*Goal of the exercise:* Please take the lines from the one holding "(Poly_Mapping.single u c" through the one holding "unfolding lookup_mult lookup_single" in the data below and copy them exactly.

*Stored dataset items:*
lemma lookup_ncconst: "Poly_Mapping.lookup (ncconst c) (Word ws) = (if ws = [] then c else 0)"
  by (simp add: ncconst_def lookup_single when_def)

lemma lookup_single_mult:
  "Poly_Mapping.lookup (Poly_Mapping.single u c * p) w = c * (\<Sum>q. Poly_Mapping.lookup p q when w = u + q)"
  unfolding lookup_mult lookup_single by (simp add: when_mult Sum_any.delta)

lemma lookup_ncvar_mult_Nil: "Poly_Mapping.lookup (ncvar l * p) (Word []) = 0"
proof -
  have "Word [] \<noteq> Word [l] + q" for q by (cases q) simp
  then show ?thesis by (simp add: ncvar_def lookup_single_mult)
qed

lemma lookup_ncvar_mult_Cons:
  "Poly_Mapping.lookup (ncvar l * p) (Word (a # ws)) = (if a = l then Poly_Mapping.lookup p (Word ws) else 0)"
proof -
  have "Word (a # ws) = Word [l] + q \<longleftrightarrow> a = l \<and> q = Word ws" for q by (cases q) auto
  then show ?thesis by (simp add: ncvar_def lookup_single_mult when_def Sum_any.delta')
qed

lemma sum_ncvar_mult_plus_ncconst_eq_0D:
  assumes "finite L" and "(\<Sum>l\<in>L. ncvar l * p l) + ncconst c = 0"
  shows "c = 0" and "\<forall>l\<in>L. p l = 0"
proof -
  show "c = 0"
    using arg_cong[OF assms(2), of "\<lambda>q. Poly_Mapping.lookup q (Word [])"]
    by (simp add: lookup_add lookup_sum lookup_ncvar_mult_Nil lookup_ncconst)
  show "\<forall>l\<in>L. p l = 0"
  proof (intro ballI poly_mapping_eqI)
    fix l w assume "l \<in> L"
    obtain ws where "w = Word ws" by (cases w)
    with \<open>l \<in> L\<close> show "Poly_Mapping.lookup (p l) w = Poly_Mapping.lookup 0 w"
      using arg_cong[OF assms(2), of "\<lambda>q. Poly_Mapping.lookup q (Word (l # ws))"] assms(1)
      by (simp add: lookup_add lookup_sum lookup_ncvar_mult_Cons lookup_ncconst)
  qed
qed

function forward_subst :: "(nat \<Rightarrow> nat \<Rightarrow> 'a::ring_1) \<Rightarrow> (nat \<Rightarrow> 'a) \<Rightarrow> nat \<Rightarrow> nat \<Rightarrow> 'a" where
  "forward_subst M r m j = r j - (\<Sum>i=m..<j. forward_subst M r m i * M i j)"
  by pat_completeness auto
termination by (relation "measure (\<lambda>(M, r, m, j). j)") auto

declare forward_subst.simps [simp del]

lemma forward_subst_solves:
  fixes M :: "nat \<Rightarrow> nat \<Rightarrow> 'a::ring_1"
  assumes diag: "\<forall>j\<in>{m..n}. M j j = 1"
    and lower: "\<forall>i\<in>{m..n}. \<forall>j\<in>{m..n}. j < i \<longrightarrow> M i j = 0"
    and j: "j \<in> {m..n}"
  shows "(\<Sum>i=m..n. forward_subst M r m i * M i j) = r j"
proof -
  let ?T = "forward_subst M r m"
  have "(\<Sum>i=m..n. ?T i * M i j) = (\<Sum>i=m..j. ?T i * M i j)"
    by (rule sum.mono_neutral_right) (use j lower in auto)
  also have "\<dots> = (\<Sum>i=m..<j. ?T i * M i j) + ?T j"
    using j diag by (simp add: sum.atLeastLessThan_Suc flip: atLeastLessThanSuc_atLeastAtMost)
  also have "\<dots> = r j"
    by (subst (2) forward_subst.simps) simp
  finally show ?thesis .
qed

lemma ncconst_eq_0_iff [simp]: "ncconst c = 0 \<longleftrightarrow> c = 0"
  by (metis lookup_ncconst lookup_zero ncconst_0)

lemma not_nc_lin_indep_insertD:
  assumes indep: "nc_lin_indep s I" and dep: "\<not> nc_lin_indep s (insert k I)"
    and "finite I" "k \<notin> I"
  shows "\<exists>c. s k = (\<Sum>i\<in>I. ncconst (c i) * s i)"
proof -
  obtain c where rel: "ncconst (c k) * s k + (\<Sum>i\<in>I. ncconst (c i) * s i) = 0"
    and nontriv: "\<exists>i\<in>insert k I. c i \<noteq> 0"
    using dep \<open>finite I\<close> \<open>k \<notin> I\<close> unfolding nc_lin_indep_def by auto
  have "c k \<noteq> 0"
  proof
    assume "c k = 0"
    with rel indep have "\<forall>i\<in>I. c i = 0" unfolding nc_lin_indep_def by simp
    with nontriv \<open>c k = 0\<close> show False by simp
  qed
  have "s k = ncconst (inverse (c k)) * (ncconst (c k) * s k)"
    using \<open>c k \<noteq> 0\<close> by (simp flip: mult.assoc ncconst_mult)
  also have "\<dots> = (\<Sum>i\<in>I. ncconst (- c i / c k) * s i)"
    using rel by (simp add: eq_neg_iff_add_eq_0[symmetric] sum_distrib_left ncconst_mult
        ncconst_uminus divide_inverse mult.commute[of _ "inverse _"] mult.assoc sum_negf)
  finally show ?thesis by (rule exI[where x = "\<lambda>i. - c i / c k"])
qed

lemma als_entry_ncvar_left:
  "als_entry d A0 Al i j = ncconst (A0 i j) + (\<Sum>l=1..d. ncvar l * ncconst (Al l i j))"
  unfolding als_entry_def by (simp only: ncconst_mult_commute[of "Al _ i j"])

lemma als_entry_eq_ncconst_iff:
  "als_entry d A0 Al i j = ncconst c \<longleftrightarrow> A0 i j = c \<and> (\<forall>l\<in>{1..d}. Al l i j = 0)"
proof
  assume "als_entry d A0 Al i j = ncconst c"
  then have "(\<Sum>l=1..d. ncvar l * ncconst (Al l i j)) + ncconst (A0 i j - c) = 0"
    unfolding als_entry_ncvar_left ncconst_diff by (simp add: algebra_simps)
  from sum_ncvar_mult_plus_ncconst_eq_0D[OF _ this]
  show "A0 i j = c \<and> (\<forall>l\<in>{1..d}. Al l i j = 0)" by simp
qed (simp add: als_entry_def)

lemma ncconst_mult_ncvar_mult_ncconst:
  "ncconst a * (ncvar l * ncconst b) = ncvar l * ncconst (a * b)"
  by (metis mult.assoc ncconst_mult ncconst_mult_commute)

lemma sum_ncconst_mult_als_entry:
  "(\<Sum>i\<in>I. ncconst (T i) * als_entry d A0 Al i j)
     = ncconst (\<Sum>i\<in>I. T i * A0 i j) + (\<Sum>l=1..d. ncvar l * ncconst (\<Sum>i\<in>I. T i * Al l i j))"
  unfolding als_entry_ncvar_left
  by (simp add: distrib_left sum.distrib sum_distrib_left ncconst_sum ncconst_mult_ncvar_mult_ncconst
      flip: ncconst_mult) (rule sum.swap)

lemma annihilating_row_is_row_combination:
  fixes A0 :: "nat \<Rightarrow> nat \<Rightarrow> 'k::field"
  assumes diag: "\<forall>i\<in>{m..n}. A0 i i = 1"
    and lower: "\<forall>i\<in>{m..n}. \<forall>j\<in>{m..n}. j < i \<longrightarrow> A0 i j = 0"
    and rows: "\<forall>i\<in>{m..n}. (\<Sum>j\<in>{m..n}. als_entry d A0 Al i j * s j) = ncconst (v i)"
    and annihilating: "(\<Sum>j\<in>{m..n}. (ncconst (U j) + als_entry d A0 Al k j) * s j) = 0"
    and indep: "nc_lin_indep s {m..n}"
  shows "\<exists>T. (\<forall>j\<in>{m..n}. ncconst (U j) + als_entry d A0 Al k j
                      - (\<Sum>i\<in>{m..n}. ncconst (T i) * als_entry d A0 Al i j) = 0)
             \<and> (\<Sum>i\<in>{m..n}. T i * v i) = 0"
proof -
  define T where "T = forward_subst A0 (\<lambda>j. U j + A0 k j) m"
  define R where "R j = ncconst (U j) + als_entry d A0 Al k j
                      - (\<Sum>i\<in>{m..n}. ncconst (T i) * als_entry d A0 Al i j)" for j
  define \<rho> where "\<rho> l j = Al l k j - (\<Sum>i\<in>{m..n}. T i * Al l i j)" for l j
  have T_solves: "(\<Sum>i=m..n. T i * A0 i j) = U j + A0 k j" if "j \<in> {m..n}" for j
    unfolding T_def using diag lower that by (rule forward_subst_solves)
  have R_linear: "R j = (\<Sum>l=1..d. ncvar l * ncconst (\<rho> l j))" if "j \<in> {m..n}" for j
  proof -
    have "R j = (\<Sum>l=1..d. ncvar l * ncconst (Al l k j))
                 - (\<Sum>l=1..d. ncvar l * ncconst (\<Sum>i=m..n. T i * Al l i j))"
      unfolding R_def sum_ncconst_mult_als_entry T_solves[OF that]
      unfolding als_entry_ncvar_left ncconst_add by (simp add: algebra_simps)
    then show ?thesis
      by (simp add: \<rho>_def ncconst_diff right_diff_distrib sum_subtractf)
  qed
  have "(\<Sum>j\<in>{m..n}. R j * s j)
          = (\<Sum>j\<in>{m..n}. (ncconst (U j) + als_entry d A0 Al k j) * s j)
            - (\<Sum>j\<in>{m..n}. \<Sum>i\<in>{m..n}. ncconst (T i) * (als_entry d A0 Al i j * s j))"
    unfolding R_def left_diff_distrib sum_subtractf sum_distrib_right mult.assoc ..
  also have "\<dots> = - (\<Sum>i\<in>{m..n}. ncconst (T i) * (\<Sum>j\<in>{m..n}. als_entry d A0 Al i j * s j))"
    unfolding annihilating sum_distrib_left by (subst sum.swap) simp
  also have "\<dots> = - (\<Sum>i\<in>{m..n}. ncconst (T i) * ncconst (v i))"
    using rows by (intro arg_cong[where f = uminus] sum.cong) auto
  also have "\<dots> = - ncconst (\<Sum>i\<in>{m..n}. T i * v i)"
    by (simp only: ncconst_sum ncconst_mult)
  finally have R_family: "(\<Sum>j\<in>{m..n}. R j * s j) = - ncconst (\<Sum>i\<in>{m..n}. T i * v i)" .
  have "(\<Sum>j\<in>{m..n}. R j * s j) = (\<Sum>l=1..d. ncvar l * (\<Sum>j\<in>{m..n}. ncconst (\<rho> l j) * s j))"
    unfolding sum_distrib_left
    by (subst sum.swap) (simp add: R_linear sum_distrib_right mult.assoc)
  with R_family have "(\<Sum>l=1..d. ncvar l * (\<Sum>j\<in>{m..n}. ncconst (\<rho> l j) * s j))
                        + ncconst (\<Sum>i\<in>{m..n}. T i * v i) = 0"
    by (simp add: eq_neg_iff_add_eq_0)
  from sum_ncvar_mult_plus_ncconst_eq_0D[OF _ this]
  have "(\<Sum>i\<in>{m..n}. T i * v i) = 0" and "\<forall>l\<in>{1..d}. \<forall>j\<in>{m..n}. \<rho> l j = 0"
    using indep unfolding nc_lin_indep_def by auto
  then show ?thesis
    using R_linear unfolding R_def by auto
qed

lemma upper_triangular_row_from:
  assumes upper: "\<forall>i\<in>{1..n}. \<forall>j\<in>{1..n}. j < i \<longrightarrow> als_entry d A0 Al i j = 0"
    and left_family: "\<forall>i\<in>{1..n}. (\<Sum>j=1..n. als_entry d A0 Al i j * s j) = ncconst (v i)"
    and "1 \<le> k" "k \<le> i" "i \<le> n"
  shows "(\<Sum>j=k..n. als_entry d A0 Al i j * s j) = ncconst (v i)"
proof -
  have "(\<Sum>j=k..n. als_entry d A0 Al i j * s j) = (\<Sum>j=1..n. als_entry d A0 Al i j * s j)"
    by (rule sum.mono_neutral_left) (use assms in auto)
  with left_family assms show ?thesis by simp
qed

*Solution below:*
  "Poly_Mapping.lookup (Poly_Mapping.single u c * p) w = c * (\<Sum>q. Poly_Mapping.lookup p q when w = u + q)"
  unfolding lookup_mult lookup_single by (simp add: when_mult Sum_any.delta)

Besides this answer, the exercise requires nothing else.